# Exercise requirements:
Restate the records underneath, keeping each one exactly the same.

# Supplied entries:
++++

(* In Ruleset C', let $G=\langle \mathrm{Nim}(i_1),\ldots,\mathrm{Nim}(i_\ell)\rangle_{C'}$ and $k=\max_{1\le j\le\ell} i_j$. Then, taking the first applicable case, \[G\equiv\begin{cases} 0 & \text{if } G=\langle\mathrm{Nim}(1),\mathrm{Nim}(2)\rangle_{C'} \text{ or } G=\langle\mathrm{Nim}(0),\mathrm{Nim}(1),\mathrm{Nim}(2)\rangle_{C'},\\ * & \text{if } k=1,\\ *(k-1) & \text{if } k-1\in\{i_1,\ldots,i_\ell\},\\ *k & \text{otherwise.}\end{cases}\] Equivalently: $G$ has value $*k$ unless $\mathrm{Nim}(k-1)$ belongs to the superposition, in which case it has value $*(k-1)$, with the only exceptions $\langle\mathrm{Nim}(0),\mathrm{Nim}(1)\rangle_{C'}\equiv *$ and $\langle\mathrm{Nim}(1),\mathrm{Nim}(2)\rangle_{C'}\equiv 0$ (and likewise $\langle\mathrm{Nim}(0),\mathrm{Nim}(1),\mathrm{Nim}(2)\rangle_{C'}\equiv 0$).
   Context: Single-heap Nim: $\mathrm{Nim}(x)$ is a heap of $x$ tokens; classical move $(1,-j)$, $j\ge1$, removes $j$ tokens and is illegal if fewer than $j$ tokens remain. Quantum variation: a position is a nonempty finite set $\langle G_1,\ldots,G_n\rangle$ of distinct classical positions; a classical move is legal if legal in some $G_i$; a Q-move is a nonempty set of legal classical moves, leading to the superposition of all legal results of applying one of its moves to one of the $G_i$. Ruleset C' (subscript $C'$): Q-moves of at least two distinct classical moves are allowed; an unsuperposed (single) move is allowed if and only if it is legal in every $G_i$ in which the player still has at least one legal classical move. The player with no allowed Q-move loses. $\equiv$ is game equivalence, $*k$ the value of a classical Nim heap of $k$ tokens, $*=*1$, $*0=0$. *)

theory Defs
  imports Main
begin

text \<open>A quantum position is a nonempty finite set S of heap sizes (the superposed
  classical positions Nim(x), x in S).  A classical move j (removing j tokens,
  j \<ge> 1) is legal in Nim(x) iff j \<le> x.\<close>

definition qpos :: "nat set \<Rightarrow> bool" where
  "qpos S \<longleftrightarrow> finite S \<and> S \<noteq> {}"

definition legal_move :: "nat set \<Rightarrow> nat \<Rightarrow> bool" where
  "legal_move S j \<longleftrightarrow> 1 \<le> j \<and> (\<exists>x\<in>S. j \<le> x)"

text \<open>Allowed Q-moves in Ruleset C': a nonempty set M of legal classical moves
  such that either M contains at least two distinct moves, or M = {j} and j is
  legal in every component in which the player has at least one legal move
  (i.e. every component with x \<ge> 1).\<close>
definition allowed_C' :: "nat set \<Rightarrow> nat set \<Rightarrow> bool" where
  "allowed_C' S M \<longleftrightarrow> M \<noteq> {} \<and> (\<forall>j\<in>M. legal_move S j) \<and>
     (2 \<le> card M \<or> (\<exists>j. M = {j} \<and> (\<forall>x\<in>S. 1 \<le> x \<longrightarrow> j \<le> x)))"

definition qresult :: "nat set \<Rightarrow> nat set \<Rightarrow> nat set" where
  "qresult S M = {x - j | x j. x \<in> S \<and> j \<in> M \<and> j \<le> x}"

definition options_C' :: "nat set \<Rightarrow> nat set set" where
  "options_C' S = {qresult S M | M. allowed_C' S M}"

definition mex :: "nat set \<Rightarrow> nat" where
  "mex A = (LEAST n. n \<notin> A)"

text \<open>Grundy value computed to recursion depth b; every option T of S satisfies
  Max T < Max S, so depth Suc (Max S) suffices.\<close>
fun grundy_depth :: "nat \<Rightarrow> nat set \<Rightarrow> nat" where
  "grundy_depth 0 S = 0"
| "grundy_depth (Suc b) S = mex (grundy_depth b ` options_C' S)"

definition grundy_C' :: "nat set \<Rightarrow> nat" where
  "grundy_C' S = grundy_depth (Suc (Max S)) S"

end

theory Submission
  imports Defs
begin

text \<open>Induct on the largest heap k = Max S and check that the claimed value is the mex of
  the claimed values of the options, all of which have a smaller largest heap.  The Q-move
  {k - v, k} with 1 \<le> v < k leads to a superposition with largest heap v that contains
  Nim(0), and contains Nim(v - 1) exactly when v = 1 or Nim(k - 1) is in S; these options
  realise every smaller value except possibly 0, which is reached by the single move k when
  S \<subseteq> {0, k}, and otherwise by the pair {k - 2, k - 1}.  Conversely no option has the
  claimed value: values are bounded by the largest heap; if Nim(k - 1) is in S, an option
  containing Nim(k - 1) came from removing one token from Nim(k) and so also contains
  Nim(k - 2); and the superposition of Nim(1) and Nim(2) cannot be cleared to Nim(0) in one
  move, so all options of the two exceptional positions have value 1.\<close>

definition grundy_formula :: "nat set \<Rightarrow> nat" where
  "grundy_formula S = (if S = {1, 2} \<or> S = {0, 1, 2} then 0
     else if Max S = 1 then 1
     else if Max S - 1 \<in> S then Max S - 1
     else Max S)"

lemma qpos_Max_in: "qpos S \<Longrightarrow> Max S \<in> S"
  by (simp add: qpos_def)

lemma qpos_Max_ge: "qpos S \<Longrightarrow> x \<in> S \<Longrightarrow> x \<le> Max S"
  by (simp add: qpos_def)

lemma mem_qresult_iff:
  "y \<in> qresult S M \<longleftrightarrow> (\<exists>x j. y = x - j \<and> x \<in> S \<and> j \<in> M \<and> j \<le> x)"
  by (auto simp: qresult_def)

lemma mem_options_C'_iff: "T \<in> options_C' S \<longleftrightarrow> (\<exists>M. allowed_C' S M \<and> T = qresult S M)"
  by (auto simp: options_C'_def)

lemma allowed_C'_pair:
  assumes "qpos S" "1 \<le> i" "i < j" "j \<le> Max S"
  shows "allowed_C' S {i, j}"
proof -
  have "Max S \<in> S" using qpos_Max_in[OF assms(1)] .
  then show ?thesis
    using assms(2-4) by (auto simp: allowed_C'_def legal_move_def intro!: bexI[of _ "Max S"])
qed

++++

# Written reply:
(* In Ruleset C', let $G=\langle \mathrm{Nim}(i_1),\ldots,\mathrm{Nim}(i_\ell)\rangle_{C'}$ and $k=\max_{1\le j\le\ell} i_j$. Then, taking the first applicable case, \[G\equiv\begin{cases} 0 & \text{if } G=\langle\mathrm{Nim}(1),\mathrm{Nim}(2)\rangle_{C'} \text{ or } G=\langle\mathrm{Nim}(0),\mathrm{Nim}(1),\mathrm{Nim}(2)\rangle_{C'},\\ * & \text{if } k=1,\\ *(k-1) & \text{if } k-1\in\{i_1,\ldots,i_\ell\},\\ *k & \text{otherwise.}\end{cases}\] Equivalently: $G$ has value $*k$ unless $\mathrm{Nim}(k-1)$ belongs to the superposition, in which case it has value $*(k-1)$, with the only exceptions $\langle\mathrm{Nim}(0),\mathrm{Nim}(1)\rangle_{C'}\equiv *$ and $\langle\mathrm{Nim}(1),\mathrm{Nim}(2)\rangle_{C'}\equiv 0$ (and likewise $\langle\mathrm{Nim}(0),\mathrm{Nim}(1),\mathrm{Nim}(2)\rangle_{C'}\equiv 0$).
   Context: Single-heap Nim: $\mathrm{Nim}(x)$ is a heap of $x$ tokens; classical move $(1,-j)$, $j\ge1$, removes $j$ tokens and is illegal if fewer than $j$ tokens remain. Quantum variation: a position is a nonempty finite set $\langle G_1,\ldots,G_n\rangle$ of distinct classical positions; a classical move is legal if legal in some $G_i$; a Q-move is a nonempty set of legal classical moves, leading to the superposition of all legal results of applying one of its moves to one of the $G_i$. Ruleset C' (subscript $C'$): Q-moves of at least two distinct classical moves are allowed; an unsuperposed (single) move is allowed if and only if it is legal in every $G_i$ in which the player still has at least one legal classical move. The player with no allowed Q-move loses. $\equiv$ is game equivalence, $*k$ the value of a classical Nim heap of $k$ tokens, $*=*1$, $*0=0$. *)

theory Defs
  imports Main
begin

text \<open>A quantum position is a nonempty finite set S of heap sizes (the superposed
  classical positions Nim(x), x in S).  A classical move j (removing j tokens,
  j \<ge> 1) is legal in Nim(x) iff j \<le> x.\<close>

definition qpos :: "nat set \<Rightarrow> bool" where
  "qpos S \<longleftrightarrow> finite S \<and> S \<noteq> {}"

definition legal_move :: "nat set \<Rightarrow> nat \<Rightarrow> bool" where
  "legal_move S j \<longleftrightarrow> 1 \<le> j \<and> (\<exists>x\<in>S. j \<le> x)"

text \<open>Allowed Q-moves in Ruleset C': a nonempty set M of legal classical moves
  such that either M contains at least two distinct moves, or M = {j} and j is
  legal in every component in which the player has at least one legal move
  (i.e. every component with x \<ge> 1).\<close>
definition allowed_C' :: "nat set \<Rightarrow> nat set \<Rightarrow> bool" where
  "allowed_C' S M \<longleftrightarrow> M \<noteq> {} \<and> (\<forall>j\<in>M. legal_move S j) \<and>
     (2 \<le> card M \<or> (\<exists>j. M = {j} \<and> (\<forall>x\<in>S. 1 \<le> x \<longrightarrow> j \<le> x)))"

definition qresult :: "nat set \<Rightarrow> nat set \<Rightarrow> nat set" where
  "qresult S M = {x - j | x j. x \<in> S \<and> j \<in> M \<and> j \<le> x}"

definition options_C' :: "nat set \<Rightarrow> nat set set" where
  "options_C' S = {qresult S M | M. allowed_C' S M}"

definition mex :: "nat set \<Rightarrow> nat" where
  "mex A = (LEAST n. n \<notin> A)"

text \<open>Grundy value computed to recursion depth b; every option T of S satisfies
  Max T < Max S, so depth Suc (Max S) suffices.\<close>
fun grundy_depth :: "nat \<Rightarrow> nat set \<Rightarrow> nat" where
  "grundy_depth 0 S = 0"
| "grundy_depth (Suc b) S = mex (grundy_depth b ` options_C' S)"

definition grundy_C' :: "nat set \<Rightarrow> nat" where
  "grundy_C' S = grundy_depth (Suc (Max S)) S"

end

theory Submission
  imports Defs
begin

text \<open>Induct on the largest heap k = Max S and check that the claimed value is the mex of
  the claimed values of the options, all of which have a smaller largest heap.  The Q-move
  {k - v, k} with 1 \<le> v < k leads to a superposition with largest heap v that contains
  Nim(0), and contains Nim(v - 1) exactly when v = 1 or Nim(k - 1) is in S; these options
  realise every smaller value except possibly 0, which is reached by the single move k when
  S \<subseteq> {0, k}, and otherwise by the pair {k - 2, k - 1}.  Conversely no option has the
  claimed value: values are bounded by the largest heap; if Nim(k - 1) is in S, an option
  containing Nim(k - 1) came from removing one token from Nim(k) and so also contains
  Nim(k - 2); and the superposition of Nim(1) and Nim(2) cannot be cleared to Nim(0) in one
  move, so all options of the two exceptional positions have value 1.\<close>

definition grundy_formula :: "nat set \<Rightarrow> nat" where
  "grundy_formula S = (if S = {1, 2} \<or> S = {0, 1, 2} then 0
     else if Max S = 1 then 1
     else if Max S - 1 \<in> S then Max S - 1
     else Max S)"

lemma qpos_Max_in: "qpos S \<Longrightarrow> Max S \<in> S"
  by (simp add: qpos_def)

lemma qpos_Max_ge: "qpos S \<Longrightarrow> x \<in> S \<Longrightarrow> x \<le> Max S"
  by (simp add: qpos_def)

lemma mem_qresult_iff:
  "y \<in> qresult S M \<longleftrightarrow> (\<exists>x j. y = x - j \<and> x \<in> S \<and> j \<in> M \<and> j \<le> x)"
  by (auto simp: qresult_def)

lemma mem_options_C'_iff: "T \<in> options_C' S \<longleftrightarrow> (\<exists>M. allowed_C' S M \<and> T = qresult S M)"
  by (auto simp: options_C'_def)

lemma allowed_C'_pair:
  assumes "qpos S" "1 \<le> i" "i < j" "j \<le> Max S"
  shows "allowed_C' S {i, j}"
proof -
  have "Max S \<in> S" using qpos_Max_in[OF assms(1)] .
  then show ?thesis
    using assms(2-4) by (auto simp: allowed_C'_def legal_move_def intro!: bexI[of _ "Max S"])
qed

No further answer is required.